## [What is expected]
Read the lines below, and copy any that contain the string "left".

## [Supplied data]
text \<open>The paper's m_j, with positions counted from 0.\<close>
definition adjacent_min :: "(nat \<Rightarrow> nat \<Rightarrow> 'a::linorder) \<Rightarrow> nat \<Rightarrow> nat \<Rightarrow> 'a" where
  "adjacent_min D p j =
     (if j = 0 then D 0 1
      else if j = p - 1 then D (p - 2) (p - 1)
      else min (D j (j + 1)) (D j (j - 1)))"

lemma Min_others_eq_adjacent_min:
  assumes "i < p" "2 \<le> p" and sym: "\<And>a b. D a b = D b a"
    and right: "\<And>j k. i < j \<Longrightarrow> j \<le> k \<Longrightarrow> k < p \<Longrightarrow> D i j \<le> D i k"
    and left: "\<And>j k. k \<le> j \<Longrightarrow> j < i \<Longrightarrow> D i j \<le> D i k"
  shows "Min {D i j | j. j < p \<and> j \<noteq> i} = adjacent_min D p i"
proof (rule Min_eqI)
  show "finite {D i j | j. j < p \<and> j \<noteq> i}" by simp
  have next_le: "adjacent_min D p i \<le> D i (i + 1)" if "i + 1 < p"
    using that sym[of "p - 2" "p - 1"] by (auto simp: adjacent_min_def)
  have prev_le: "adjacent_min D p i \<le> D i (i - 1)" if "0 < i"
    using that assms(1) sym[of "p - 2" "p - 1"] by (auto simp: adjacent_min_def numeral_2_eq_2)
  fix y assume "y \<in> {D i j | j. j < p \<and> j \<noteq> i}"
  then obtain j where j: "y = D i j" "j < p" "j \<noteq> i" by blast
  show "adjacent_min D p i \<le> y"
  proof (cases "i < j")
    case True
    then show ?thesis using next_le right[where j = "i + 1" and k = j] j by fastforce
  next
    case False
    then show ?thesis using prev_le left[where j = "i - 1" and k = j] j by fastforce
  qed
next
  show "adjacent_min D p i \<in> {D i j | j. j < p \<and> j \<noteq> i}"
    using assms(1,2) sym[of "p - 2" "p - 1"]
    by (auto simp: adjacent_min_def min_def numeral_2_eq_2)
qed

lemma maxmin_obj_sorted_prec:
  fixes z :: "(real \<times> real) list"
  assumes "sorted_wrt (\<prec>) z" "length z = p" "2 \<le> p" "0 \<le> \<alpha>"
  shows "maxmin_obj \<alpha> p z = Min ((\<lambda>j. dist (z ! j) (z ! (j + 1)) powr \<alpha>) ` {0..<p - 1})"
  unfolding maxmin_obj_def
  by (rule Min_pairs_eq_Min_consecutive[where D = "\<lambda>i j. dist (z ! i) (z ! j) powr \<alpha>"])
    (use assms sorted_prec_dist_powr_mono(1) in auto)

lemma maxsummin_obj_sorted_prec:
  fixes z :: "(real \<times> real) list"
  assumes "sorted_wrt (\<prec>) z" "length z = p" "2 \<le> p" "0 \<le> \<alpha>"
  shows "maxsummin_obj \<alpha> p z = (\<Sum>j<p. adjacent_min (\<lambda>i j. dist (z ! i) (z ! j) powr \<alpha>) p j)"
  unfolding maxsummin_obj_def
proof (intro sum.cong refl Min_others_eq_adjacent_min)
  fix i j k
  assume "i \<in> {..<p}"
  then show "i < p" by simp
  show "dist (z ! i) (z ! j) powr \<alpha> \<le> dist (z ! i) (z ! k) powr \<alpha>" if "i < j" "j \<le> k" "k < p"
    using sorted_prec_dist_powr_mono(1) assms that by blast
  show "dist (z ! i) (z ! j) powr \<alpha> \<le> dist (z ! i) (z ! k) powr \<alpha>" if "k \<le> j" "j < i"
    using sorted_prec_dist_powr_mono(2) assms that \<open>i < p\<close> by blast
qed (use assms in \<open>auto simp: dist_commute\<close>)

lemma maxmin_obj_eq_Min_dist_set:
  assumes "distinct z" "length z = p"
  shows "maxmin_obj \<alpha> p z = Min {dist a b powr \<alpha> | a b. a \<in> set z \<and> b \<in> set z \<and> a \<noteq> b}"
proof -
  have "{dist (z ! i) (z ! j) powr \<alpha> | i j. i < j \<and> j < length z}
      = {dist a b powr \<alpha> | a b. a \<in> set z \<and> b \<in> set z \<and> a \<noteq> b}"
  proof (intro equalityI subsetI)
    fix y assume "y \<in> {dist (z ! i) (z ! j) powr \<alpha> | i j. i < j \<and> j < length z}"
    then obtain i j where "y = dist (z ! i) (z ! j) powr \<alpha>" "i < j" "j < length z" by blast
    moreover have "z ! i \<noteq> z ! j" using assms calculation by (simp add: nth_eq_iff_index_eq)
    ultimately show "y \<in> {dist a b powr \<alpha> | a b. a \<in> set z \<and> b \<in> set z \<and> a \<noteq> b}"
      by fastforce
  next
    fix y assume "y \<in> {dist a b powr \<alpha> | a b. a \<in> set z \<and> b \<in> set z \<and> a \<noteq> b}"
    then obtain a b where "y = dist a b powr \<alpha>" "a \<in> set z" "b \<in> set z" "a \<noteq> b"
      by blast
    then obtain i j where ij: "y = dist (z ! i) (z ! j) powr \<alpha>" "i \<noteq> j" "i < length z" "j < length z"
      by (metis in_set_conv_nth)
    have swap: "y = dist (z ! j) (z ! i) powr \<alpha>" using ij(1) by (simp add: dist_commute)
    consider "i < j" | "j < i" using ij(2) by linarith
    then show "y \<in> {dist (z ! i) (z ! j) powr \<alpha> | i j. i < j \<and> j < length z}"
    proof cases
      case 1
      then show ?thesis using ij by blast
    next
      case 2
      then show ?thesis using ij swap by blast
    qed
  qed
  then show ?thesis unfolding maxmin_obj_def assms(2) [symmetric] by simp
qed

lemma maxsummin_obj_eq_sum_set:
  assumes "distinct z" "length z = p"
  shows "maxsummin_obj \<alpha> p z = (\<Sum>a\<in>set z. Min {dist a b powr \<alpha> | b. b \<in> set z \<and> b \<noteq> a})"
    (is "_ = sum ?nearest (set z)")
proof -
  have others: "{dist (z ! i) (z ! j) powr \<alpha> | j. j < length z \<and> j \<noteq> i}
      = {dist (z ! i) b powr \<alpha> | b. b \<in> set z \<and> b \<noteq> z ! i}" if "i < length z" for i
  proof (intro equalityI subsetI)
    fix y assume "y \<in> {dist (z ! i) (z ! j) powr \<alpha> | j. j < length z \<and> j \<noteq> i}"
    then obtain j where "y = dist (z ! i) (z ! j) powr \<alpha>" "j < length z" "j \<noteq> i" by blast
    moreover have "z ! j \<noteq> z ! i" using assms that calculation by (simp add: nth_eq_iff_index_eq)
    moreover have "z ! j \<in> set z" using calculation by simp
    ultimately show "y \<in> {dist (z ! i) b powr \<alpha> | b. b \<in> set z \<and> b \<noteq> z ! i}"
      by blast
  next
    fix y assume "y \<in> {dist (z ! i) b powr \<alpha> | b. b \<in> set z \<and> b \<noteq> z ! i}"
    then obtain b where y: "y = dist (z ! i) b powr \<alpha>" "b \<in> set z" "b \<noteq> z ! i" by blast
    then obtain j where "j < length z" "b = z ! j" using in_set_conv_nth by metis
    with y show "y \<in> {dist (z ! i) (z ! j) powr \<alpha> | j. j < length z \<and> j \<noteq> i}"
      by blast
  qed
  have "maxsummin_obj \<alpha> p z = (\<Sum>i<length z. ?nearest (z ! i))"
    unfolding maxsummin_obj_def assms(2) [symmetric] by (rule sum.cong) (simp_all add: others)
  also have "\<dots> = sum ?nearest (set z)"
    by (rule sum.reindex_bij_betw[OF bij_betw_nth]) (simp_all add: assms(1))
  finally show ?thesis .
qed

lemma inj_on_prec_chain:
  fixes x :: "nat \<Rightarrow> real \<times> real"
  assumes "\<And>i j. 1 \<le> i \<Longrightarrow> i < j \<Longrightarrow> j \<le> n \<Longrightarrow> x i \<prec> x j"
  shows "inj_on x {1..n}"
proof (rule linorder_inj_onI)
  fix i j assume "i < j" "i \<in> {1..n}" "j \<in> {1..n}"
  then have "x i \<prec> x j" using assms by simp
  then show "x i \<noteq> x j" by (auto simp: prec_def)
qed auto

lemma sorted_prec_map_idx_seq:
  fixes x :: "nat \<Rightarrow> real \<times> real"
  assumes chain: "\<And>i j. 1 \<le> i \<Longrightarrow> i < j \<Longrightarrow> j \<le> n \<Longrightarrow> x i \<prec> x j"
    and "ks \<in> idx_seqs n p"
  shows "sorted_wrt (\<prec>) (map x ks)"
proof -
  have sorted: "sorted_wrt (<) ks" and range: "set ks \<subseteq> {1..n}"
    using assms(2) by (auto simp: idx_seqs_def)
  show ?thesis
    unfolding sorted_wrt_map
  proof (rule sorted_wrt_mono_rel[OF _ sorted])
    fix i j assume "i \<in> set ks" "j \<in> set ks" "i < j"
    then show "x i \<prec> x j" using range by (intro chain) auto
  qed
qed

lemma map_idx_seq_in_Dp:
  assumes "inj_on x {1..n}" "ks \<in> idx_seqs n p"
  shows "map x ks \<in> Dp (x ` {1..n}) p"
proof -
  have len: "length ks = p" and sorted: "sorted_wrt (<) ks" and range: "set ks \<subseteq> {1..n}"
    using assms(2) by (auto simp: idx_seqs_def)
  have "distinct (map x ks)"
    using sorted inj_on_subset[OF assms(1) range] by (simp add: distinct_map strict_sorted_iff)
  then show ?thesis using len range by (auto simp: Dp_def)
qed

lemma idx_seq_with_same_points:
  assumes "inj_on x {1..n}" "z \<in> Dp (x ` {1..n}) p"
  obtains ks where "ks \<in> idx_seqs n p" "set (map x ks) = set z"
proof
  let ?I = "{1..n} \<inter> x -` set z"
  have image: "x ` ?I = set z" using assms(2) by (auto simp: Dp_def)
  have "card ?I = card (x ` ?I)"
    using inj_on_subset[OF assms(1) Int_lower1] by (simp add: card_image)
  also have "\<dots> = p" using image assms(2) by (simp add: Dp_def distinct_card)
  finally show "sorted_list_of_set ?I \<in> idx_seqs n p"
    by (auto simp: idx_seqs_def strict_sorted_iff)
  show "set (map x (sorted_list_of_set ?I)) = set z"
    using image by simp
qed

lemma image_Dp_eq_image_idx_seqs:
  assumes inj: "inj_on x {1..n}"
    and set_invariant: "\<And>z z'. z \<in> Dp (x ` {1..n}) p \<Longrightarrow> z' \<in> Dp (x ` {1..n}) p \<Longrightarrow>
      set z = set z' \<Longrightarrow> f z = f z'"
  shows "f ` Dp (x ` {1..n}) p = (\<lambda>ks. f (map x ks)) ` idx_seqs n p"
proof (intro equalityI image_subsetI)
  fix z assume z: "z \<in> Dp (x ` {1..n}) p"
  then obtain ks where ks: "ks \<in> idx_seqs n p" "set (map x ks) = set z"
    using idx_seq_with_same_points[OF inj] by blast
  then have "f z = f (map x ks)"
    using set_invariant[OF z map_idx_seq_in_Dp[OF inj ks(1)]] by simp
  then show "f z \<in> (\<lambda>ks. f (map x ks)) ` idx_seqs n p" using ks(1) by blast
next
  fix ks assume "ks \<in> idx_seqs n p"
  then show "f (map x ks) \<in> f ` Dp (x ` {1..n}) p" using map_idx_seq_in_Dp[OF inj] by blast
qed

## [Result of this exercise]
    and left: "\<And>j k. k \<le> j \<Longrightarrow> j < i \<Longrightarrow> D i j \<le> D i k"
    then show ?thesis using prev_le left[where j = "i - 1" and k = j] j by fastforce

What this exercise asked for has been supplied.